Beginning with the first line below, please repeat the material exactly, ending with the line that includes "section \<open>The window event\<close>".

______________________________

lemma prod_vandermonde_bound_le:
  assumes "r > 0"
  shows "(\<Prod>m<r. 2 * real (Suc m) / 8 ^ m)
           \<le> 2 powr (- (3/2) * (real r)\<^sup>2) * exp (real r * ln (real r) + 3 * real r)"
proof -
  have "(fact r :: real) \<le> real (r ^ r)" by (rule fact_le_power)
  also have "\<dots> = exp (real r * ln (real r))"
    using assms by (simp add: exp_of_nat_mult)
  finally have fact_le: "fact r \<le> exp (real r * ln (real r))" .
  have "real r - 3/2 * real r * (real r - 1) = - (3/2) * (real r)\<^sup>2 + 5/2 * real r"
    by (simp add: power2_eq_square field_simps)
  then have "2 powr (real r - 3/2 * real r * (real r - 1))
               = 2 powr (- (3/2) * (real r)\<^sup>2) * 2 powr (5/2 * real r)"
    by (simp only: powr_add)
  also have "2 powr (5/2 * real r) = exp (5/2 * real r * ln 2)"
    by (simp add: powr_def)
  also have "\<dots> \<le> exp (3 * real r)"
  proof -
    have "5/2 * real r * ln 2 \<le> 5/2 * real r * 1"
      using ln_2_less_1 by (intro mult_left_mono) auto
    then show ?thesis by simp
  qed
  finally show ?thesis
    unfolding prod_vandermonde_bound_eq exp_add
    using fact_le by (simp add: mult_mono mult.left_commute)
qed

section \<open>The window event\<close>

definition window :: "(nat \<times> nat \<Rightarrow> real) \<Rightarrow> nat \<times> nat \<Rightarrow> real set" where
  "window \<omega> p = {(\<omega> (fst p, fst p) + \<omega> (snd p, snd p)) / 2 ..
                   max (\<omega> (fst p, fst p)) (\<omega> (snd p, snd p))}"

lemma measurable_component_dist_meas:
  "q \<in> T \<Longrightarrow> (\<lambda>\<omega>. \<omega> q) \<in> borel_measurable (PiM T (\<lambda>_. dist_meas g))"
  using measurable_component_singleton[of q T "\<lambda>_. dist_meas g"]
  by (simp add: dist_meas_def cong: measurable_cong_sets)

lemma measurable_window_indicator:
  assumes "\<And>p. p \<in> Q \<Longrightarrow> p \<in> T \<and> (fst p, fst p) \<in> T \<and> (snd p, snd p) \<in> T"
  shows "(\<lambda>\<omega>. \<Prod>p\<in>Q. indicator (window \<omega> p) (\<omega> p) :: ennreal)
           \<in> borel_measurable (PiM T (\<lambda>_. dist_meas g))"
proof (rule borel_measurable_prod_ennreal)
  fix p assume "p \<in> Q"
  let ?M = "PiM T (\<lambda>_. dist_meas g)"
  have entries: "(\<lambda>\<omega>. \<omega> p) \<in> borel_measurable ?M"
      "(\<lambda>\<omega>. \<omega> (fst p, fst p)) \<in> borel_measurable ?M"
      "(\<lambda>\<omega>. \<omega> (snd p, snd p)) \<in> borel_measurable ?M"
    using assms[OF \<open>p \<in> Q\<close>] by (auto intro: measurable_component_dist_meas)
  have "Measurable.pred ?M (\<lambda>\<omega>. (\<omega> (fst p, fst p) + \<omega> (snd p, snd p)) / 2 \<le> \<omega> p)"
    unfolding pred_def using entries
    by (intro borel_measurable_le borel_measurable_divide borel_measurable_add) auto
  moreover have "Measurable.pred ?M (\<lambda>\<omega>. \<omega> p \<le> max (\<omega> (fst p, fst p)) (\<omega> (snd p, snd p)))"
    unfolding pred_def using entries by (intro borel_measurable_le borel_measurable_max) auto
  ultimately have [measurable]: "Measurable.pred ?M (\<lambda>\<omega>. \<omega> p \<in> window \<omega> p)"
    unfolding window_def by (simp add: pred_intros_logic)
  show "(\<lambda>\<omega>. indicator (window \<omega> p) (\<omega> p) :: ennreal) \<in> borel_measurable ?M"
    unfolding indicator_def by measurable
qed

lemma supports_local_eq_pair:
  assumes "i \<noteq> j" "f j i = f i j" "f i i < f i j" "f j j < f i j"
  shows "supports_local_eq f {i, j}"
proof -
  define a b c where "a = f i i" and "b = f j j" and "c = f i j"
  define d where "d = 2 * c - a - b"
  have "d > 0" using assms by (simp add: d_def a_def b_def c_def)
  define p where "p k = (if k = i then (c - b) / d else (c - a) / d)" for k
  have p: "p i = (c - b) / d" "p j = (c - a) / d" using assms(1) by (simp_all add: p_def)
  have f: "f i i = a" "f j j = b" "f i j = c" "f j i = c"
    using assms(2) by (simp_all add: a_def b_def c_def)
  show ?thesis
    unfolding supports_local_eq_def
  proof (intro exI conjI ballI allI impI)
    fix k assume "k \<in> {i, j}"
    then show "0 < p k"
      using assms \<open>d > 0\<close> by (auto simp: p_def a_def b_def c_def)
  next
    show "(\<Sum>k\<in>{i, j}. p k) = 1"
      using assms(1) \<open>d > 0\<close> by (simp add: p add_divide_distrib[symmetric] d_def)
  next
    fix k assume "k \<in> {i, j}"
    then show "(\<Sum>l\<in>{i, j}. f k l * p l) = a * p i + c * p j"
      using assms(1) \<open>d > 0\<close> by (auto simp: f p field_simps d_def)
  next
    fix x :: "nat \<Rightarrow> real" assume "(\<Sum>k\<in>{i, j}. x k) = 0"
    then have "x j = - x i" using assms(1) by simp
    then have "(\<Sum>k\<in>{i, j}. \<Sum>l\<in>{i, j}. f k l * x k * x l) = - d * (x i)\<^sup>2"
      using assms(1) by (simp add: f d_def power2_eq_square algebra_simps)
    also have "\<dots> \<le> 0" using \<open>d > 0\<close> by simp
    finally show "(\<Sum>k\<in>{i, j}. \<Sum>l\<in>{i, j}. f k l * x k * x l) \<le> 0" .
  qed
qed

lemma event_D_imp_window:
  assumes D: "event_D (sym_entry \<omega>) I" and card: "card I \<ge> 3" and p: "p \<in> less_pairs I"
  shows "\<omega> p \<in> window \<omega> p"
proof -
  obtain i j where ij: "p = (i, j)" "i \<in> I" "j \<in> I" "i < j"
    using p by (auto simp: less_pairs_def)
  let ?f = "sym_entry \<omega>"
  have f: "?f i j = \<omega> (i, j)" "?f j i = \<omega> (i, j)" "?f i i = \<omega> (i, i)" "?f j j = \<omega> (j, j)"
    using ij by (auto simp: sym_entry_def)
  have "\<not> supports_local_eq ?f {i, j}"
  proof -
    have "finite I" using card by (metis card.infinite not_numeral_le_zero)
    then have "{i, j} \<subset> I" using ij card by (auto simp: psubset_eq card_insert_if split: if_splits)
    moreover have "card {i, j} \<ge> 2" using ij by simp
    ultimately show ?thesis using D by (auto simp: event_D_def)
  qed
  then have "\<omega> (i, j) \<le> max (\<omega> (i, i)) (\<omega> (j, j))"
    using supports_local_eq_pair[of i j ?f] ij f by fastforce
  moreover have "(\<omega> (i, i) + \<omega> (j, j)) / 2 \<le> \<omega> (i, j)"
    using D ij f unfolding event_D_def by (metis less_irrefl)
  ultimately show ?thesis by (simp add: window_def ij)
qed

section \<open>Distributions with non-increasing density\<close>

locale decreasing_density =
  fixes g :: "real \<Rightarrow> real"
  assumes pos: "\<forall>x\<in>{0..1}. g x > 0"
    and nonincr: "\<forall>x y. 0 \<le> x \<longrightarrow> x \<le> y \<longrightarrow> y \<le> 1 \<longrightarrow> g y \<le> g x"
    and diff: "g differentiable_on {0..1}"
    and total: "integral {0..1} g = 1"
begin

lemma g_nonneg: "0 \<le> x \<Longrightarrow> x \<le> 1 \<Longrightarrow> 0 \<le> g x"
  using pos by (simp add: less_imp_le)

______________________________

_REPLY_.
lemma prod_vandermonde_bound_le:
  assumes "r > 0"
  shows "(\<Prod>m<r. 2 * real (Suc m) / 8 ^ m)
           \<le> 2 powr (- (3/2) * (real r)\<^sup>2) * exp (real r * ln (real r) + 3 * real r)"
proof -
  have "(fact r :: real) \<le> real (r ^ r)" by (rule fact_le_power)
  also have "\<dots> = exp (real r * ln (real r))"
    using assms by (simp add: exp_of_nat_mult)
  finally have fact_le: "fact r \<le> exp (real r * ln (real r))" .
  have "real r - 3/2 * real r * (real r - 1) = - (3/2) * (real r)\<^sup>2 + 5/2 * real r"
    by (simp add: power2_eq_square field_simps)
  then have "2 powr (real r - 3/2 * real r * (real r - 1))
               = 2 powr (- (3/2) * (real r)\<^sup>2) * 2 powr (5/2 * real r)"
    by (simp only: powr_add)
  also have "2 powr (5/2 * real r) = exp (5/2 * real r * ln 2)"
    by (simp add: powr_def)
  also have "\<dots> \<le> exp (3 * real r)"
  proof -
    have "5/2 * real r * ln 2 \<le> 5/2 * real r * 1"
      using ln_2_less_1 by (intro mult_left_mono) auto
    then show ?thesis by simp
  qed
  finally show ?thesis
    unfolding prod_vandermonde_bound_eq exp_add
    using fact_le by (simp add: mult_mono mult.left_commute)
qed

section \<open>The window event\<close>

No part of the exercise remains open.